- _Supplied entries_
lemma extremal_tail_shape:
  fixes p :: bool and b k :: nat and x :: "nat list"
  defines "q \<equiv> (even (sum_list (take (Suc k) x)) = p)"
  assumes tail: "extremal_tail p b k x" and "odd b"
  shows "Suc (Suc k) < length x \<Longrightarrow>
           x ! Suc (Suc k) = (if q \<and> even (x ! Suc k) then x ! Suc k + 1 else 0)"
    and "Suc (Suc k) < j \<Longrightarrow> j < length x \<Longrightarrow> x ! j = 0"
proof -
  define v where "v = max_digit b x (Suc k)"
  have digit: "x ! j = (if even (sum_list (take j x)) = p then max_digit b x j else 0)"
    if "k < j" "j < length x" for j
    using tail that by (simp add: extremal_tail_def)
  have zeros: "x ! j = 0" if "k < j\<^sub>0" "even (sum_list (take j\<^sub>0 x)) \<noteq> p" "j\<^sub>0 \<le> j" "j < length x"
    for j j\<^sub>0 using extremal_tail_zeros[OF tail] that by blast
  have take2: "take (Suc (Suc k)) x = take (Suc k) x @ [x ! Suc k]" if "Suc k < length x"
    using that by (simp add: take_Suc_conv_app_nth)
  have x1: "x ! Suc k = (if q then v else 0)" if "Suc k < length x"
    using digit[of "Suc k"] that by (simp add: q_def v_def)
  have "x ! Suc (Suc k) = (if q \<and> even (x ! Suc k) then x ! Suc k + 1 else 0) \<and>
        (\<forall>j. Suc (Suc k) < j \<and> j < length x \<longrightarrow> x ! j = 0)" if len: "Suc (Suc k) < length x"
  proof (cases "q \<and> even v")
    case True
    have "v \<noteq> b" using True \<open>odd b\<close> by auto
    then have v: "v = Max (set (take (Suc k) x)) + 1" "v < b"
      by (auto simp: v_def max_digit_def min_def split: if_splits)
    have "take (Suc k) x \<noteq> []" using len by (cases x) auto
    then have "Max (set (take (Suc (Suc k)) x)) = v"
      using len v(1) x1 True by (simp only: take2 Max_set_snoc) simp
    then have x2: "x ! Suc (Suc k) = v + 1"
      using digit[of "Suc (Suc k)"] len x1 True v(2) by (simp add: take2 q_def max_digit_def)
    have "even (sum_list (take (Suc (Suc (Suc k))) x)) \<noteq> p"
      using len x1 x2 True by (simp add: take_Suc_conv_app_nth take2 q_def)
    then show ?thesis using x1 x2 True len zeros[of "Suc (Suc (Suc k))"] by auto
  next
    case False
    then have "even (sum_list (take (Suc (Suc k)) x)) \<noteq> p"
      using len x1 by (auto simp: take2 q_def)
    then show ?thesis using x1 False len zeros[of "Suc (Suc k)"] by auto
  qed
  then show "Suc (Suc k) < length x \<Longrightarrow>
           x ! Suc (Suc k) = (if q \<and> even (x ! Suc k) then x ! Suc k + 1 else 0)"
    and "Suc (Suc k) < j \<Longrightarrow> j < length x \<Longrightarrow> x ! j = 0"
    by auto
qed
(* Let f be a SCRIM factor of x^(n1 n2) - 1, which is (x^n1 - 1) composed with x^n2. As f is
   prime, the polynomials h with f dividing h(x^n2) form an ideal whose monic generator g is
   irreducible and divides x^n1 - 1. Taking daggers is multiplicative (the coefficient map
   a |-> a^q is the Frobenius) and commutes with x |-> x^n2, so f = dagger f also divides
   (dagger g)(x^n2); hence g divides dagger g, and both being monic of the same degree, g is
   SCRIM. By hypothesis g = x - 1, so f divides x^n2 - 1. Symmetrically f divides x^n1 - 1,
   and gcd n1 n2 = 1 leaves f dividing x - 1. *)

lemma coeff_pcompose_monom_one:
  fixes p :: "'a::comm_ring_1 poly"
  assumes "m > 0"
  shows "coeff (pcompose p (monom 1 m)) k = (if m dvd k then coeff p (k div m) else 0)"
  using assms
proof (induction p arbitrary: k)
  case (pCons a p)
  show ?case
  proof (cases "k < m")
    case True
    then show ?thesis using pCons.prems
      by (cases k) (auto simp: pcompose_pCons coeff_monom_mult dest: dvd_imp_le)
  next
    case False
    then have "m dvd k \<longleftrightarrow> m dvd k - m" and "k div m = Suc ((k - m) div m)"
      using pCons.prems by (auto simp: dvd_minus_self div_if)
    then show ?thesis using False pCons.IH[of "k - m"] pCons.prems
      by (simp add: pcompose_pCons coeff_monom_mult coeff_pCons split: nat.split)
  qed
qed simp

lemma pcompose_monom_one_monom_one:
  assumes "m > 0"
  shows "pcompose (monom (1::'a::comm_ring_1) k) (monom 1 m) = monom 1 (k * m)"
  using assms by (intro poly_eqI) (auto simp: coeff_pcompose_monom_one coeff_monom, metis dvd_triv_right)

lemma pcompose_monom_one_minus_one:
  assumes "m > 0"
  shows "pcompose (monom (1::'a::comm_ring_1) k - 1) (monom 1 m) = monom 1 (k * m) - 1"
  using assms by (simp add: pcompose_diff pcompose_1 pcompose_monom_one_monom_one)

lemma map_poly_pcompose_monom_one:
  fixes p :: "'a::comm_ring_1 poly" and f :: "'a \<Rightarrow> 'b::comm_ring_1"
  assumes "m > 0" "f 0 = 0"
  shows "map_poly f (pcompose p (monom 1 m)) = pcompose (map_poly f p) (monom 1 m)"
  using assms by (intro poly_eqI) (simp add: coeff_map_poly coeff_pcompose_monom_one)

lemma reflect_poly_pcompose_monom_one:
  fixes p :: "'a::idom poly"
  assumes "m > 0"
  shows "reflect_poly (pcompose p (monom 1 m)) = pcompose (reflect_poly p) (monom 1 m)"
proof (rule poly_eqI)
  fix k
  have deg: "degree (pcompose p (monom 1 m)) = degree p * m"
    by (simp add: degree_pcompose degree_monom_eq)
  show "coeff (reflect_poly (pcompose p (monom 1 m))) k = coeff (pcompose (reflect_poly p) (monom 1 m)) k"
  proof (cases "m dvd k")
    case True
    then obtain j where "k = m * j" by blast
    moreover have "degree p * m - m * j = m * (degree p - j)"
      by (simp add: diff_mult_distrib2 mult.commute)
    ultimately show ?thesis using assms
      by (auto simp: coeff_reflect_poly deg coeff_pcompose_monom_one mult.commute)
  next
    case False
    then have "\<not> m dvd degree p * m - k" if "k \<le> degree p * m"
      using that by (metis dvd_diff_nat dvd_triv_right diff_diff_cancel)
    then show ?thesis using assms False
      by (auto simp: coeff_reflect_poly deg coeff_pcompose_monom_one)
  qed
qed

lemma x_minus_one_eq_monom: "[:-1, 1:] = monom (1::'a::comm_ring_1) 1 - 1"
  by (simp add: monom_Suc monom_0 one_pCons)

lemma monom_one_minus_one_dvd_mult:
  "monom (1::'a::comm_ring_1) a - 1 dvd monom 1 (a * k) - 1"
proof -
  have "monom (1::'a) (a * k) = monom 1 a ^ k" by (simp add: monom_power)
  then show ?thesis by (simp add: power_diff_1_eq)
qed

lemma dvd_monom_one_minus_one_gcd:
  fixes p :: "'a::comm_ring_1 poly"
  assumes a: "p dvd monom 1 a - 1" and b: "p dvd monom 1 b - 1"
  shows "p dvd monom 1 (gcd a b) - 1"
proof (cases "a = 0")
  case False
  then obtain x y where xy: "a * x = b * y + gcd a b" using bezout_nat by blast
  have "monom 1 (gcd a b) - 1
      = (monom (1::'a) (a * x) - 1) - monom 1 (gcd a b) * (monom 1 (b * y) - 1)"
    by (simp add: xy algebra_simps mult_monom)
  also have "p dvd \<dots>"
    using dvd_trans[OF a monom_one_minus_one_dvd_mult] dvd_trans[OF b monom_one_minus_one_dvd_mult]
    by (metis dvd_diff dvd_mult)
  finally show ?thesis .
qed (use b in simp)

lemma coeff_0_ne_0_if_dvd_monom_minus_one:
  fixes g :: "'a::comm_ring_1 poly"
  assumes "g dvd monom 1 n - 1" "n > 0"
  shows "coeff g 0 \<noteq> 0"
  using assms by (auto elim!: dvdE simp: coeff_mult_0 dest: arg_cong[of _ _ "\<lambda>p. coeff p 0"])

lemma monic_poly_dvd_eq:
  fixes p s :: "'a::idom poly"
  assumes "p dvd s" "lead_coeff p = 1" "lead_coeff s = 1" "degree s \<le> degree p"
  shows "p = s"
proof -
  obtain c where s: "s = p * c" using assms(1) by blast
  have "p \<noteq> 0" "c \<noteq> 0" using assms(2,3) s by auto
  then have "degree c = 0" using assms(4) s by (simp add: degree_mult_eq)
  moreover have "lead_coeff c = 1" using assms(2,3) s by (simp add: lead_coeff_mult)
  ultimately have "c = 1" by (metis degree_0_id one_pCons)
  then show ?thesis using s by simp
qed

- _What is being asked_
The reply should consist solely of the number of lines in the records that include "proof".

- _Answer to this problem_
9